I've gotten an all clear from my doctor and have since been really interested in adopting a pair of bunnies. I've spoken with the person who runs the rescue (you all know her - she's a member of RO!) and I'd like to see what we could do as far as transporting the bunnies to me because I'd really love to welcome them into my home.

So, any thoughts? I'd really appreciate any and all help. I'm excited about this and it would be great if something could be worked out to get these 2 cuties to me!

.


----------



## gentle giants (Jul 30, 2008)

This is Delilah and Peaches, the girls that Alexah is interested in:












I can meet someone within an hour to an hour and half of my house, but we need help otherwise. This would be a great opportunity, both for Alexah to adopt the girls and for me to ease my heavy bunny load. Anyone going our way?


----------



## Haley (Jul 30, 2008)

Transports out near Cleveland (from the west) are about impossible to arrange. For some reason, we dont have any contacts near Toledo willing to drive. When I was trying to move Karat is was about impossible even with offers to pay for gas. In the end, a friend of mine had to drive about 4 hours to get her there. I can imagine bunnies coming from further away would be very difficult.


----------



## Alexah (Jul 30, 2008)

I'm trying to think of a couple of different possibilities for getting Peaches and Delilah to me here in Cleveland. Unfortunately I cannot drive and therefore would be needing a friend to take me and would probably not be able to go more than 2 hours from me - that would put me a half hour past Sandusky, OH, but that's still about an hour or so from Toledo.

I travel for business March, July, and November of each year and pass through Toledo on our way to Indiana. We occasionally have people from the Chicago-land area at our conventions so that may be a possibility, but it's still a far ways off - both in time and area/location. 

I've put a couple of feelers out to other friends of mine who may be willing to help. I knew it was a long shot since transporting to my area is difficult, but I figured it couldn't hurt to put it out there. I'm not giving up though, you never know...

I'll keep thinking and I'd appreciate any advice or help anyone has to offer .


----------



## seniorcats (Jul 30, 2008)

*Haley wrote: *


> Transports out near Cleveland (from the west) are about impossible to arrange. For some reason, we dont have any contacts near Toledo willing to drive. When I was trying to move Karat is was about impossible even with offers to pay for gas. In the end, a friend of mine had to drive about 4 hours to get her there. I can imagine bunnies coming from further away would be very difficult.



Gotta' second what Haley says. I live 40 minutes south of Cleveland so the drive to the Sandusky area is even longer for me than someone leaving from Cleveland. We've had members in the Toledo/Fremont/Sandusky area but I think most either have no transport, can't drive orcan't afford it.

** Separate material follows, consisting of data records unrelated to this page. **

(* Let $(\Omega,\Sigma,\mu)$ and $(\Delta,\Gamma,\nu)$ be $\sigma$-finite measure spaces, let $X_1(\mu),X_2(\mu)$ be saturated Banach function spaces over $\mu$ and $Y_1(\nu),Y_2(\nu)$ saturated Banach function spaces over $\nu$, and let $T\colon X_1(\mu)\to Y_1(\nu)$ and $S\colon X_2(\mu)\to Y_2(\nu)$ be nontrivial continuous linear operators. Assume that $Y_2^{Y_1''}$ is saturated and let $h\in X_1^{X_2}$. The following are equivalent: (a) There exists a constant $C>0$ such that $$\sum_{i=1}^n\int T(x_i)y_i'\,d\nu\le C\Big\Vert\sum_{i=1}^nS(hx_i)y_i'\Big\Vert_{Y_2\pi Y_1'}$$ for every $n\in\mathbb{N}$, all $x_1,\dots,x_n\in X_1(\mu)$ and all $y_1',\dots,y_n'\in Y_1(\nu)'$. (b) There exists $\xi^*\in(Y_2\pi Y_1')^*$ such that $\eta(T(x))=R_{\xi^*}(S(hx))$ for all $x\in X_1(\mu)$, where $\eta\colon Y_1(\nu)''\to (Y_1(\nu)')^*$ is given by $\langle\eta(f),y'\rangle=\int fy'\,d\nu$ (and $T(x)\in Y_1(\nu)\subset Y_1(\nu)''$), and $R_{\xi^*}\colon Y_2(\nu)\to (Y_1(\nu)')^*$ is the continuous linear operator defined by $\langle R_{\xi^*}(y_2),y_1'\rangle=\langle\xi^*,y_2y_1'\rangle$ for $y_2\in Y_2(\nu)$, $y_1'\in Y_1(\nu)'$.
   Context: $L^0(\mu)$ denotes the space of ($\mu$-a.e. classes of) measurable real functions. A Banach function space $X(\mu)$ is a Banach space $X(\mu)\subset L^0(\mu)$ with norm $\Vert\cdot\Vert_X$ such that if $f\in L^0(\mu)$, $g\in X(\mu)$ and $|f|\le|g|$ $\mu$-a.e., then $f\in X(\mu)$ and $\Vert f\Vert_X\le\Vert g\Vert_X$. It is saturated if there is no $A\in\Sigma$ with $\mu(A)>0$ and $f\chi_A=0$ a.e. for all $f\in X(\mu)$. For Banach function spaces $X(\mu),Y(\mu)$, the $Y$-dual is $X^Y=\{h\in L^0(\mu): fh\in Y(\mu)\ \forall f\in X(\mu)\}$ with norm $\Vert h\Vert_{X^Y}=\sup_{f\in B_X}\Vert hf\Vert_Y$; the Köthe dual is $X(\mu)'=X^{L^1(\mu)}$ and the Köthe bidual is $X(\mu)''=(X(\mu)')'$ (a saturated $X(\mu)$ is contained in $X(\mu)''$). The $\pi$-product space $X\pi Y$ consists of all $h\in L^0(\mu)$ with $|h|\le\sum_n|f_ng_n|$ a.e. for some $(f_n)\subset X(\mu)$, $(g_n)\subset Y(\mu)$ with $\sum_n\Vert f_n\Vert_X\Vert g_n\Vert_Y<\infty$, normed by $\pi(h)=\inf\sum_n\Vert f_n\Vert_X\Vert g_n\Vert_Y$ over all such representations; $(Y_2\pi Y_1')^*$ is its topological dual. $B_X$ is the closed unit ball. *)

theory Defs
  imports "HOL-Analysis.Analysis"
begin

text \<open>Functions are represented by representatives; all notions below are invariant
under a.e. equality. A function space is given by a carrier set of real functions
together with a norm.\<close>

definition bfs :: "'a measure \<Rightarrow> ('a \<Rightarrow> real) set \<Rightarrow> (('a \<Rightarrow> real) \<Rightarrow> real) \<Rightarrow> bool" where
  "bfs M X n \<longleftrightarrow>
     X \<subseteq> borel_measurable M \<and>
     (\<lambda>_. 0) \<in> X \<and>
     (\<forall>f\<in>X. \<forall>g\<in>X. (\<lambda>x. f x + g x) \<in> X \<and> n (\<lambda>x. f x + g x) \<le> n f + n g) \<and>
     (\<forall>f\<in>X. \<forall>c::real. (\<lambda>x. c * f x) \<in> X \<and> n (\<lambda>x. c * f x) = \<bar>c\<bar> * n f) \<and>
     (\<forall>f\<in>X. n f = 0 \<longleftrightarrow> (AE x in M. f x = 0)) \<and>
     (\<forall>f g. f \<in> borel_measurable M \<longrightarrow> g \<in> X \<longrightarrow> (AE x in M. \<bar>f x\<bar> \<le> \<bar>g x\<bar>)
        \<longrightarrow> f \<in> X \<and> n f \<le> n g) \<and>
     (\<forall>F. (\<forall>k. F k \<in> X) \<longrightarrow>
        (\<forall>e>0. \<exists>K. \<forall>i\<ge>K. \<forall>j\<ge>K. n (\<lambda>x. F i x - F j x) < e) \<longrightarrow>
        (\<exists>f\<in>X. (\<lambda>k. n (\<lambda>x. F k x - f x)) \<longlonglongrightarrow> 0))"

definition saturated :: "'a measure \<Rightarrow> ('a \<Rightarrow> real) set \<Rightarrow> bool" where
  "saturated M X \<longleftrightarrow>
     \<not> (\<exists>A\<in>sets M. emeasure M A > 0 \<and> (\<forall>f\<in>X. AE x in M. f x * indicator A x = 0))"

definition ydual :: "'a measure \<Rightarrow> ('a \<Rightarrow> real) set \<Rightarrow> ('a \<Rightarrow> real) set \<Rightarrow> ('a \<Rightarrow> real) set" where
  "ydual M X Y = {h \<in> borel_measurable M. \<forall>f\<in>X. (\<lambda>x. h x * f x) \<in> Y}"

definition ydual_norm :: "('a \<Rightarrow> real) set \<Rightarrow> (('a \<Rightarrow> real) \<Rightarrow> real) \<Rightarrow> (('a \<Rightarrow> real) \<Rightarrow> real)
    \<Rightarrow> ('a \<Rightarrow> real) \<Rightarrow> real" where
  "ydual_norm X nX nY h = (SUP f\<in>{f\<in>X. nX f \<le> 1}. nY (\<lambda>x. h x * f x))"

definition L1set :: "'a measure \<Rightarrow> ('a \<Rightarrow> real) set" where
  "L1set M = {f \<in> borel_measurable M. integrable M f}"

definition L1norm :: "'a measure \<Rightarrow> ('a \<Rightarrow> real) \<Rightarrow> real" where
  "L1norm M f = (\<integral>x. \<bar>f x\<bar> \<partial>M)"

definition kothe :: "'a measure \<Rightarrow> ('a \<Rightarrow> real) set \<Rightarrow> ('a \<Rightarrow> real) set" where
  "kothe M X = ydual M X (L1set M)"

definition kothe_norm :: "'a measure \<Rightarrow> ('a \<Rightarrow> real) set \<Rightarrow> (('a \<Rightarrow> real) \<Rightarrow> real)
    \<Rightarrow> ('a \<Rightarrow> real) \<Rightarrow> real" where
  "kothe_norm M X nX = ydual_norm X nX (L1norm M)"

definition pi_rep :: "'a measure \<Rightarrow> ('a \<Rightarrow> real) set \<Rightarrow> (('a \<Rightarrow> real) \<Rightarrow> real)
    \<Rightarrow> ('a \<Rightarrow> real) set \<Rightarrow> (('a \<Rightarrow> real) \<Rightarrow> real) \<Rightarrow> ('a \<Rightarrow> real)
    \<Rightarrow> (nat \<Rightarrow> 'a \<Rightarrow> real) \<Rightarrow> (nat \<Rightarrow> 'a \<Rightarrow> real) \<Rightarrow> bool" where
  "pi_rep M X nX Y nY h f g \<longleftrightarrow>
     (\<forall>k. f k \<in> X) \<and> (\<forall>k. g k \<in> Y) \<and> summable (\<lambda>k. nX (f k) * nY (g k)) \<and>
     (AE x in M. ennreal \<bar>h x\<bar> \<le> (\<Sum>k. ennreal \<bar>f k x * g k x\<bar>))"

At the moment I am trying to figure out how to get to Vancouver, sneak into SAS's house and steal her 2 new bunnies.


----------



## Evey (Jul 31, 2008)

That's great news that you've got a clean bill of health now, congrats!

Now that you're better, would you consider taking in some of your buns that your friend has? Maybe that'd be easier than adopting/finding transport right now. Sorry if I missed anything in regards to your other buns, but I'm just throwing a suggestion out there 

-Kathy


----------



## nermal71 (Jul 31, 2008)

I wish I could help but right now my whole focus is on this move and everything that is going to go with it


----------



## TinysMom (Jul 31, 2008)

*Evey wrote: *


> That's great news that you've got a clean bill of health now, congrats!
> 
> Now that you're better, would you consider taking in some of your buns that your friend has? Maybe that'd be easier than adopting/finding transport right now. Sorry if I missed anything in regards to your other buns, but I'm just throwing a suggestion out there
> 
> -Kathy



Kathy - this is an outstanding idea! Why not get back some of the rabbits you had....since they're already familiar with your home? This way - they could be back someplace where they are familiar rather than transporting two bunnies a long distance....

That might be a more practical idea for you - less transportation expenses...and better for the bunnies themselves. 

Or you may want to just take a break and make sure your health stays good - you've had something like....10 or more animals since January (at various times)? 

Perhaps resting up until the fall and cooler weather will make sure your health STAYS good.

Good luck with whatever you decide.


----------



## Alexah (Jul 31, 2008)

Thanks everyone for the support .

When I found out I was "all clear" in the health department the first thing I thought of was taking back William and Ruby from my friend. But I feel terrible about it all since my friend has since bonded with them and they're all happy, safe, and healthy. However, it is something I'm seriously going to consider because I miss William and Ruby so much. The only reason I rehomed them was because they were acting depressed after my rehoming the others...but maybe that wouldn't be the case now? I definitely have some thinking to do.

Peg, I think you may be right about taking a break until the fall (at least). If I'm still interested in taking in Delilah and Peaches then I may even be able to drive, so it may be best to wait a bit and see how it all goes. I won't lie - I still would love to take those two girls in - but I'm often impulsive and this may help me take a step back and think before acting.

Maybe everything happens for a reason and the whole transport issue was a big sign that maybe waiting is the best thing to do...for right now.

Again, thanks. I'm going to definitely take some time to think for right now. I'm trying to get back on track with everything and this is just a step I need to take in the right direction. Thanks to all who kindly pointed me to where I needed to be.

(Can someone please mark this as resolved for the time being? Thanks !)


----------